+++ The data +++

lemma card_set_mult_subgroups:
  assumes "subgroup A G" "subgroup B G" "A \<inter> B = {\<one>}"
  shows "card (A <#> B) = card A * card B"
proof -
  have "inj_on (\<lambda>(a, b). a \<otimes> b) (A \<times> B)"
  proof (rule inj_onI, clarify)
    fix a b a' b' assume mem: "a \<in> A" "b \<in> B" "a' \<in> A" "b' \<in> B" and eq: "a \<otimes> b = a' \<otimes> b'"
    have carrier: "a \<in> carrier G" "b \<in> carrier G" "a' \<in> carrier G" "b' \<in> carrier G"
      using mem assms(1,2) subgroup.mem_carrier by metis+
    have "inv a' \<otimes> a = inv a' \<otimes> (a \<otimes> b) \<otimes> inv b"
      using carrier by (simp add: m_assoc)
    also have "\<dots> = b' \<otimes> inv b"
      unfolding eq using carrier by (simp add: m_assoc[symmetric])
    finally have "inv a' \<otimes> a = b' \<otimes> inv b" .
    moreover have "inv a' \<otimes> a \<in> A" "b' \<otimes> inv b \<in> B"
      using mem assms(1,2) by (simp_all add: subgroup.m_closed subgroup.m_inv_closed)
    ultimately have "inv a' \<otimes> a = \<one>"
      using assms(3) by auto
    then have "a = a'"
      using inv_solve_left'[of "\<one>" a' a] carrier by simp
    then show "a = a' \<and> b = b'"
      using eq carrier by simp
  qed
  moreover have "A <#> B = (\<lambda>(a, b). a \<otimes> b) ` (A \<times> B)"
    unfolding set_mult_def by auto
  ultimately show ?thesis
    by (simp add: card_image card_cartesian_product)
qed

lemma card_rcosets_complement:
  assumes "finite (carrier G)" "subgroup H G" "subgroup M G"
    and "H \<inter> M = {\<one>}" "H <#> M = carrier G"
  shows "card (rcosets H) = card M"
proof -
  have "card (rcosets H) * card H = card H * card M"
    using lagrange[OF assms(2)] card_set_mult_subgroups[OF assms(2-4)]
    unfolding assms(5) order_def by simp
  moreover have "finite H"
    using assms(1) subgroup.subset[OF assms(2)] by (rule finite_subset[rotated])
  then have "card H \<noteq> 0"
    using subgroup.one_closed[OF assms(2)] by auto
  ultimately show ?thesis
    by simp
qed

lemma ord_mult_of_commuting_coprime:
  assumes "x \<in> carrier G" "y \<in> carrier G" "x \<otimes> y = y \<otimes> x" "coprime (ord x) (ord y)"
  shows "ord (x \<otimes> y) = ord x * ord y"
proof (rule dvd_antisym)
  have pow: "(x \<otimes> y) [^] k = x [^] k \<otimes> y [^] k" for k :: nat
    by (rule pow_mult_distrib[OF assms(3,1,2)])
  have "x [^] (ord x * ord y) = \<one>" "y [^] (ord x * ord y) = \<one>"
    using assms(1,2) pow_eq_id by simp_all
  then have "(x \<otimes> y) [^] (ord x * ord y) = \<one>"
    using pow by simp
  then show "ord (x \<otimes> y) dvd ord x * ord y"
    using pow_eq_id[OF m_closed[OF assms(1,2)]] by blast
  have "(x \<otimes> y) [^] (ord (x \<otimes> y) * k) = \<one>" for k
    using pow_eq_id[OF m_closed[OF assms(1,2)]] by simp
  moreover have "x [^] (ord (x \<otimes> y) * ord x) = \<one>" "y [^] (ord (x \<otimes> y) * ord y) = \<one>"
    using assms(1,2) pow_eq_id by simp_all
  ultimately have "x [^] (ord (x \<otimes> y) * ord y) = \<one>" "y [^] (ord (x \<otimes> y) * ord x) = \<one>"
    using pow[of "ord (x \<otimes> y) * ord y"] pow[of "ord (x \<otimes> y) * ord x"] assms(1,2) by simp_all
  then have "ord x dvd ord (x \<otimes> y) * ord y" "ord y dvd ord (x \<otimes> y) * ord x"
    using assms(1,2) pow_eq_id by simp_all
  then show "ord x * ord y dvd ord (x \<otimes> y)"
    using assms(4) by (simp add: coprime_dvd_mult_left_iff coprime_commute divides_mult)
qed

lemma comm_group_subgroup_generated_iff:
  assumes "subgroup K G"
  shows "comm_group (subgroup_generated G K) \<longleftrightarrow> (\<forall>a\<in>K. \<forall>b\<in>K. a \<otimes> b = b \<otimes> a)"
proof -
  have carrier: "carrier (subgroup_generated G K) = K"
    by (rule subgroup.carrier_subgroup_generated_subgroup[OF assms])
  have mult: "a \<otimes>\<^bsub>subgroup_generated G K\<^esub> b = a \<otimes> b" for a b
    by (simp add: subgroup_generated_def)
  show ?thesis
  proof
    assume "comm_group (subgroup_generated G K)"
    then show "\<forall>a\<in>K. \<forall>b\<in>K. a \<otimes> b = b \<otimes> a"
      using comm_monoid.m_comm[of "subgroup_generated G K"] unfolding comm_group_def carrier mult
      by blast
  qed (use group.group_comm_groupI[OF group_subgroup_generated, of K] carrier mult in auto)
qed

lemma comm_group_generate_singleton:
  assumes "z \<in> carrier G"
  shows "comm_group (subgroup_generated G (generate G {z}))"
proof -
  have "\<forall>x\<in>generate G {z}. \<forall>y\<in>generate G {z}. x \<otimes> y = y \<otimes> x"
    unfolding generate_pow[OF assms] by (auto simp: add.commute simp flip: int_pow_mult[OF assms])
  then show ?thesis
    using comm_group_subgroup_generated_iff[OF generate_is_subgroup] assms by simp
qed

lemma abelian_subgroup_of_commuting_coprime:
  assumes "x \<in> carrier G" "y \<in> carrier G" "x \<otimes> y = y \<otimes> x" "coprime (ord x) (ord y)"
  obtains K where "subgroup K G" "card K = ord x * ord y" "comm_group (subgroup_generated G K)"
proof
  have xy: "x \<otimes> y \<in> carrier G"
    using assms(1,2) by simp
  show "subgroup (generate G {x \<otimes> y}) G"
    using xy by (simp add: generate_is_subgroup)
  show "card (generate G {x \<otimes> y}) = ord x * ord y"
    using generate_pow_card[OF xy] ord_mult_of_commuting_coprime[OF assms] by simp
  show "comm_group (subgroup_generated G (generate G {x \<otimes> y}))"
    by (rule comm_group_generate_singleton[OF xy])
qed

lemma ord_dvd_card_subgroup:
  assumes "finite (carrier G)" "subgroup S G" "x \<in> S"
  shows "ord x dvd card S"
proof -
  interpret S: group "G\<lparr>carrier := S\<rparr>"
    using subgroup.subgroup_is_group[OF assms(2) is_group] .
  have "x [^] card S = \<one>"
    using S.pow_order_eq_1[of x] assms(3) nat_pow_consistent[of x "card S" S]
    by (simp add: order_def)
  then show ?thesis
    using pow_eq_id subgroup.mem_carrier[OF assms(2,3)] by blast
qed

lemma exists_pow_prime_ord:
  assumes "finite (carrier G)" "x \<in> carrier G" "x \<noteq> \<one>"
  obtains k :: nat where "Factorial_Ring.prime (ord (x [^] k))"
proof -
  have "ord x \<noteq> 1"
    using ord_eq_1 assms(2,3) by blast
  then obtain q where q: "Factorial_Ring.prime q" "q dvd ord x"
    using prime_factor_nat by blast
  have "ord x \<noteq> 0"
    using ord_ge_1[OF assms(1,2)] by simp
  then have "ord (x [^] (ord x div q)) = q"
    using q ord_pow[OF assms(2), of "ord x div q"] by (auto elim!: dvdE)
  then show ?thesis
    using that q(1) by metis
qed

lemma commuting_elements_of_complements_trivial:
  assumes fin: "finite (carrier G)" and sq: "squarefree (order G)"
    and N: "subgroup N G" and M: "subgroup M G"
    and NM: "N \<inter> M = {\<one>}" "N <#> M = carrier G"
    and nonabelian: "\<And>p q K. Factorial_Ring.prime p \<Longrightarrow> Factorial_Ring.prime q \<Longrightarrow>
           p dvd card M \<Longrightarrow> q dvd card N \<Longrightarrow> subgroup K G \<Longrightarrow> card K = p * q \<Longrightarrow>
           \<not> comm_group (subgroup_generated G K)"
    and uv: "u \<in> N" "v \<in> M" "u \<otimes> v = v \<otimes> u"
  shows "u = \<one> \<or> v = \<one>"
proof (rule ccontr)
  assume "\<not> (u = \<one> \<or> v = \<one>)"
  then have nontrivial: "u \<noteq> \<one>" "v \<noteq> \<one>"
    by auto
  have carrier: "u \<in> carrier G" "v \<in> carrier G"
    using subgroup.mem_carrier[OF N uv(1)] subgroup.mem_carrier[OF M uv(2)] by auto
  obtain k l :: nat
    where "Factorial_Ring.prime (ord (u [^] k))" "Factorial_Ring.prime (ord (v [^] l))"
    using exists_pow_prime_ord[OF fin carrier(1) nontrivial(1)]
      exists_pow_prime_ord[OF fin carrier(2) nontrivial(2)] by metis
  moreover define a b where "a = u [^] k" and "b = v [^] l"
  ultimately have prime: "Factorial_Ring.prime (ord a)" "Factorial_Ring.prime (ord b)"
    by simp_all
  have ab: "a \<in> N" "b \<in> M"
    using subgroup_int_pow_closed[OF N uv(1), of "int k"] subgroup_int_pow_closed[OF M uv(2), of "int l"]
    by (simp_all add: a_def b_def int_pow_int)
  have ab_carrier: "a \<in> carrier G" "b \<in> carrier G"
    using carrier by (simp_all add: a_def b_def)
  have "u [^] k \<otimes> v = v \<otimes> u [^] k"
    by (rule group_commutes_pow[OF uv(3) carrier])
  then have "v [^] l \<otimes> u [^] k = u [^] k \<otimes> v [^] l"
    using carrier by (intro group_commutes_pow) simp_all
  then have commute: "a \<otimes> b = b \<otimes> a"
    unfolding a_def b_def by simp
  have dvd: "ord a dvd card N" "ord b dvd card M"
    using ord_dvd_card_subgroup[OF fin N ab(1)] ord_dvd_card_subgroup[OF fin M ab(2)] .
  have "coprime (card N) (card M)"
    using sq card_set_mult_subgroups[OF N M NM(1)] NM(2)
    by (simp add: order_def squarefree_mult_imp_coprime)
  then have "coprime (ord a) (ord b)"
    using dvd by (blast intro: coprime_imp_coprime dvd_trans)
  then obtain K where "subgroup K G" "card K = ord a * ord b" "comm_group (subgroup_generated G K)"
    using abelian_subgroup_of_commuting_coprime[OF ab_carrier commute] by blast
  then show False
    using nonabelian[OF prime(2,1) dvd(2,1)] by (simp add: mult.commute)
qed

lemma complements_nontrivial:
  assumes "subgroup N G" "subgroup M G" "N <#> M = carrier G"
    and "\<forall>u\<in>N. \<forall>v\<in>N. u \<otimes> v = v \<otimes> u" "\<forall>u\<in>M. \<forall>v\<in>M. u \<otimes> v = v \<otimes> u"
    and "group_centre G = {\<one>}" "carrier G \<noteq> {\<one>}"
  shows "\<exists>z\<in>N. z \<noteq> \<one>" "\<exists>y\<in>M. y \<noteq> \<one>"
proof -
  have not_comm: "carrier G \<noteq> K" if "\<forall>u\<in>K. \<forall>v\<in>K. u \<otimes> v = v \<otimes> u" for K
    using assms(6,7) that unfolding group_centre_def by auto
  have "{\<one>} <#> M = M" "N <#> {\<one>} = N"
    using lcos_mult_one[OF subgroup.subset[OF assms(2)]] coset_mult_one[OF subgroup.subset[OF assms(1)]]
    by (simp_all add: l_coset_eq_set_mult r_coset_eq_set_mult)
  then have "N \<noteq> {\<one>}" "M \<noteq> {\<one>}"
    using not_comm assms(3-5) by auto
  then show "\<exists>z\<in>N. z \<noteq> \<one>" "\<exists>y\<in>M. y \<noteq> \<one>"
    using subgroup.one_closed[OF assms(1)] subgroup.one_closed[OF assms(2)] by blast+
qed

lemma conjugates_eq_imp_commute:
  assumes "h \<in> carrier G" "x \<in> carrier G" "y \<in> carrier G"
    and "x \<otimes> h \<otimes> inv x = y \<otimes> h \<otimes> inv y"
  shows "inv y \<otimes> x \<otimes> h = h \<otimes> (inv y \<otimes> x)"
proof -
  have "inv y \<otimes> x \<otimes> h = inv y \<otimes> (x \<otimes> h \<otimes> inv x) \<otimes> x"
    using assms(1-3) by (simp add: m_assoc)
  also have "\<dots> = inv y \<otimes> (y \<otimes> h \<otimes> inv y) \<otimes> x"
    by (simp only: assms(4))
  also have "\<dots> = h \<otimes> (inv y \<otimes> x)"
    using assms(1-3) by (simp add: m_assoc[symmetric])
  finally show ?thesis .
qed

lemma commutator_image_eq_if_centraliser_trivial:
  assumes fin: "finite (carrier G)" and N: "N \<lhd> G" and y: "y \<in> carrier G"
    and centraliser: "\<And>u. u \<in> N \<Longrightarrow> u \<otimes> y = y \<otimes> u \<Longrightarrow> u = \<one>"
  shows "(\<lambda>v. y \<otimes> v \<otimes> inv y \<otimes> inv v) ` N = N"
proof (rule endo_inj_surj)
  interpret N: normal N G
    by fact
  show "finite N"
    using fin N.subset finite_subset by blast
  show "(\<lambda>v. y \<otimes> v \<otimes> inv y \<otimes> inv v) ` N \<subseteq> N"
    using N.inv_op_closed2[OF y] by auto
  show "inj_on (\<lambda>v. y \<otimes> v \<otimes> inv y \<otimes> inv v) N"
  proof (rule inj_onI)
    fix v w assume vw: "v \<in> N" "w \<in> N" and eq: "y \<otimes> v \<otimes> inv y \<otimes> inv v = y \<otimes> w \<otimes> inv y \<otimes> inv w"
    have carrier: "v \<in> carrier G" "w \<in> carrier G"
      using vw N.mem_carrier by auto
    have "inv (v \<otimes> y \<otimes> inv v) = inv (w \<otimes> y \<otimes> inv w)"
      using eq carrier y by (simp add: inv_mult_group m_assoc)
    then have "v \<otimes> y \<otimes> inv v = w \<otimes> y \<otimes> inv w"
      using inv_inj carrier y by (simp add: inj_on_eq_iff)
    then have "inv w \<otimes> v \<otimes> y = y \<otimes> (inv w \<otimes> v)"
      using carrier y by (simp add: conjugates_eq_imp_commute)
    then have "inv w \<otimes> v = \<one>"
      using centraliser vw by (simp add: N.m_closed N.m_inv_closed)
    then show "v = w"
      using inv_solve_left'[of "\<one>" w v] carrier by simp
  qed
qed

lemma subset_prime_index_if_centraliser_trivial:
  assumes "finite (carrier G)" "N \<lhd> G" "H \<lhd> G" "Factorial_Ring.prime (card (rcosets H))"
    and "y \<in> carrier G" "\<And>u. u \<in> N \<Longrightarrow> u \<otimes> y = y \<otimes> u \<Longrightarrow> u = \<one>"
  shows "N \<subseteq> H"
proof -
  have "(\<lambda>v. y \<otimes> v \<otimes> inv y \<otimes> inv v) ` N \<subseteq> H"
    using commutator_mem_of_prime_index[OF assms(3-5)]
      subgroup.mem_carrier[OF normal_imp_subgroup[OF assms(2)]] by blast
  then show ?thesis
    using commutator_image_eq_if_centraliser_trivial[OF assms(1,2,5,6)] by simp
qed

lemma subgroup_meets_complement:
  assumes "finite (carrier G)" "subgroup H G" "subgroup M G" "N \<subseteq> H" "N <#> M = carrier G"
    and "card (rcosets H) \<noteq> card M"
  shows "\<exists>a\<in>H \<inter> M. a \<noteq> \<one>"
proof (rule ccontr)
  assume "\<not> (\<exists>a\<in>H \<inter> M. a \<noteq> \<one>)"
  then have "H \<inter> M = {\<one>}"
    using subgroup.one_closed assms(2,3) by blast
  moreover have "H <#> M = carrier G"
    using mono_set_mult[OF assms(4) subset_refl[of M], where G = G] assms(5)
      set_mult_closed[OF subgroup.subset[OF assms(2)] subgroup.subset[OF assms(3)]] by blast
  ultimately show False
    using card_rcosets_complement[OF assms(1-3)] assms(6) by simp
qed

+++

→ **What needs to be done**: In the records above, find the lines holding "moreover". Copy each one.

→ **Answer for this exercise**:
    moreover have "inv a' \<otimes> a \<in> A" "b' \<otimes> inv b \<in> B"
  moreover have "A <#> B = (\<lambda>(a, b). a \<otimes> b) ` (A \<times> B)"
  moreover have "finite H"
  moreover have "x [^] (ord (x \<otimes> y) * ord x) = \<one>" "y [^] (ord (x \<otimes> y) * ord y) = \<one>"
  moreover define a b where "a = u [^] k" and "b = v [^] l"
  moreover have "H <#> M = carrier G"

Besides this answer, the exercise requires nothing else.